To find infinite recursive loop in CTE

Interstellar picture Interstellar · Jul 31, 2015 · Viewed 16.8k times · Source

I'm not a SQL expert, but if anybody can help me.

I use a recursive CTE to get the values as below.

Child1 --> Parent 1

Parent1 --> Parent 2

Parent2 --> NULL

If data population has gone wrong, then I'll have something like below, because of which CTE may go to infinite recursive loop and gives max recursive error. Since the data is huge, I cannot check this bad data manually.
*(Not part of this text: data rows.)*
lemma R23_leading_mon_in_zspan:
  fixes k1 k2 k3 :: nat and n1 n2 n3 :: int
  defines "m2 \<equiv> int k2 - n2" and "m3 \<equiv> int k3 - n3"
  assumes "relgens k1 k2 k3 \<subseteq> T"
    and "\<And>i. mon i n1 (n2 - 2) (n3 - 2) \<in> zspan T"
    and "\<And>i. mon i (n1 + 1) (n2 - 1) (n3 - 1) \<in> zspan T"
    and "\<And>i. mon i (n1 - 1) (n2 - 1) (n3 - 1) \<in> zspan T"
    and "\<And>i. mon i n1 m2 m3 \<in> zspan T"
    and "\<And>i. mon i n1 (m2 - 2) (m3 - 2) \<in> zspan T"
    and "\<And>i. mon i (n1 + 1) (m2 - 1) (m3 - 1) \<in> zspan T"
    and "\<And>i. mon i (n1 - 1) (m2 - 1) (m3 - 1) \<in> zspan T"
  shows "mon j n1 n2 n3 \<in> zspan T"
proof -
  define t where "t = j + n2 + n3 + 2"
  define r where "r = shiftA t (R23 n1 n2 n3 - R23 n1 m2 m3)"
  have "r \<in> relgens k1 k2 k3"
    unfolding r_def m2_def m3_def relgens_def by force
  with assms(3) have "r \<in> zspan T" by (blast intro: zspan_gen)
  moreover have "mon j n1 n2 n3 = - r
      - mon (t - n2 - n3 + 2) n1 (n2 - 2) (n3 - 2) - mon (t - n2 - n3) (n1 + 1) (n2 - 1) (n3 - 1)
      - mon (t - n2 - n3) (n1 - 1) (n2 - 1) (n3 - 1)
      + mon (t - m2 - m3 - 2) n1 m2 m3 + mon (t - m2 - m3 + 2) n1 (m2 - 2) (m3 - 2)
      + mon (t - m2 - m3) (n1 + 1) (m2 - 1) (m3 - 1) + mon (t - m2 - m3) (n1 - 1) (m2 - 1) (m3 - 1)"
    by (simp add: r_def shiftA_diff shiftA_R23 t_def)
  ultimately show ?thesis
    by (simp only:) (intro zspan_add zspan_diff zspan_neg assms(4-))
qed
(* Let $\mathcal P$ and $\mathrm{conv}(\mathcal P)$ be as in the context. Let $k\in[1,T-1]_{\mathbb Z}$ with $\overline C-\underline C-kV>0$, $m\in[0,k-1]_{\mathbb Z}$, and $\mathcal S\subseteq[0,\min\{k-1,L-m-2\}]_{\mathbb Z}$. For any $t\in[k+1,T-m-1]_{\mathbb Z}$, the inequality $$x_t-x_{t-k}\le(\underline C+(k-m)V-\overline V)y_{t+m+1}+V\sum_{i=1}^m y_{t+i}+\overline V y_t-\underline C y_{t-k}-\sum_{s\in\mathcal S}(\underline C+(k-s)V-\overline V)(y_{t-s}-y_{t-s-1})$$ is valid and facet-defining for $\mathrm{conv}(\mathcal P)$. For any $t\in[m+2,T-k]_{\mathbb Z}$, the inequality $$x_t-x_{t+k}\le(\underline C+(k-m)V-\overline V)y_{t-m-1}+V\sum_{i=1}^m y_{t-i}+\overline V y_t-\underline C y_{t+k}-\sum_{s\in\mathcal S}(\underline C+(k-s)V-\overline V)(y_{t+s}-y_{t+s+1})$$ is valid and facet-defining for $\mathrm{conv}(\mathcal P)$.
   Context: For integers $a,b$, $[a,b]_{\mathbb Z}=\{a,a+1,\dots,b\}$ if $a\le b$ and $\emptyset$ otherwise. Fix a positive integer $T$, positive integers $L$ (minimum up time) and $\ell$ (minimum down time), and reals $\overline C,\underline C,V,\overline V$ with $\overline C>\underline C>0$, $V>0$, $\overline V+V\le\overline C$ and $\underline C<\overline V<\underline C+V$. $\mathcal P$ is the set of $(\mathbf x,\mathbf y)=((x_1,\dots,x_T),(y_1,\dots,y_T))\in\mathbb R_+^T\times\{0,1\}^T$ satisfying: (i) $-y_{t-1}+y_t-y_k\le 0$ for all $t\in[2,T]_{\mathbb Z}$, $k\in[t,\min\{T,t+L-1\}]_{\mathbb Z}$; (ii) $y_{t-1}-y_t+y_k\le 1$ for all $t\in[2,T]_{\mathbb Z}$, $k\in[t,\min\{T,t+\ell-1\}]_{\mathbb Z}$; (iii) $-x_t+\underline C y_t\le 0$ and $x_t-\overline C y_t\le 0$ for all $t\in[1,T]_{\mathbb Z}$; (iv) $x_t-x_{t-1}\le Vy_{t-1}+\overline V(1-y_{t-1})$ for all $t\in[2,T]_{\mathbb Z}$; (v) $x_{t-1}-x_t\le Vy_t+\overline V(1-y_t)$ for all $t\in[2,T]_{\mathbb Z}$. $\mathrm{conv}(\mathcal P)\subseteq\mathbb R^{2T}$ is its convex hull. A linear inequality is valid for $\mathrm{conv}(\mathcal P)$ if all its points satisfy it, and facet-defining if moreover the set of points of $\mathrm{conv}(\mathcal P)$ satisfying it with equality has dimension $\dim\mathrm{conv}(\mathcal P)-1$. *)

theory Defs
  imports "HOL-Analysis.Analysis"
begin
Please let me know if there is a way to find it out.

Child1 --> Parent 1

Parent1 --> Child1

or

Child1 --> Parent 1

Parent1 --> Parent2

Parent2 --> Child1

Answer

a_horse_with_no_name picture a_horse_with_no_name · Jul 31, 2015

With Postgres it's quite easy to prevent this by collecting all visited nodes in an array.

Setup:

create table hierarchy (id integer, parent_id integer);

insert into hierarchy
values
(1, null), -- root element
(2, 1), -- first child
(3, 1), -- second child
(4, 3), 
(5, 4), 
(3, 5); -- endless loop

Recursive query:

with recursive tree as (
  select id, 
         parent_id, 
         array[id] as all_parents
  from hierarchy
  where parent_id is null

  union all

  select c.id, 
         c.parent_id,
         p.all_parents||c.id
  from hierarchy c
     join tree p
      on c.parent_id = p.id 
     and c.id <> ALL (p.all_parents) -- this is the trick to exclude the endless loops
)
select *
from tree;

To do this for multiple trees at the same time, you need to carry over the ID of the root node to the children:

with recursive tree as (
  select id, 
         parent_id, 
         array[id] as all_parents, 
         id as root_id
  from hierarchy
  where parent_id is null

  union all

  select c.id, 
         c.parent_id,
         p.all_parents||c.id, 
         p.root_id
  from hierarchy c
     join tree p
      on c.parent_id = p.id 
     and c.id <> ALL (p.all_parents) -- this is the trick to exclude the endless loops
     and c.root_id = p.root_id
)
select *
from tree;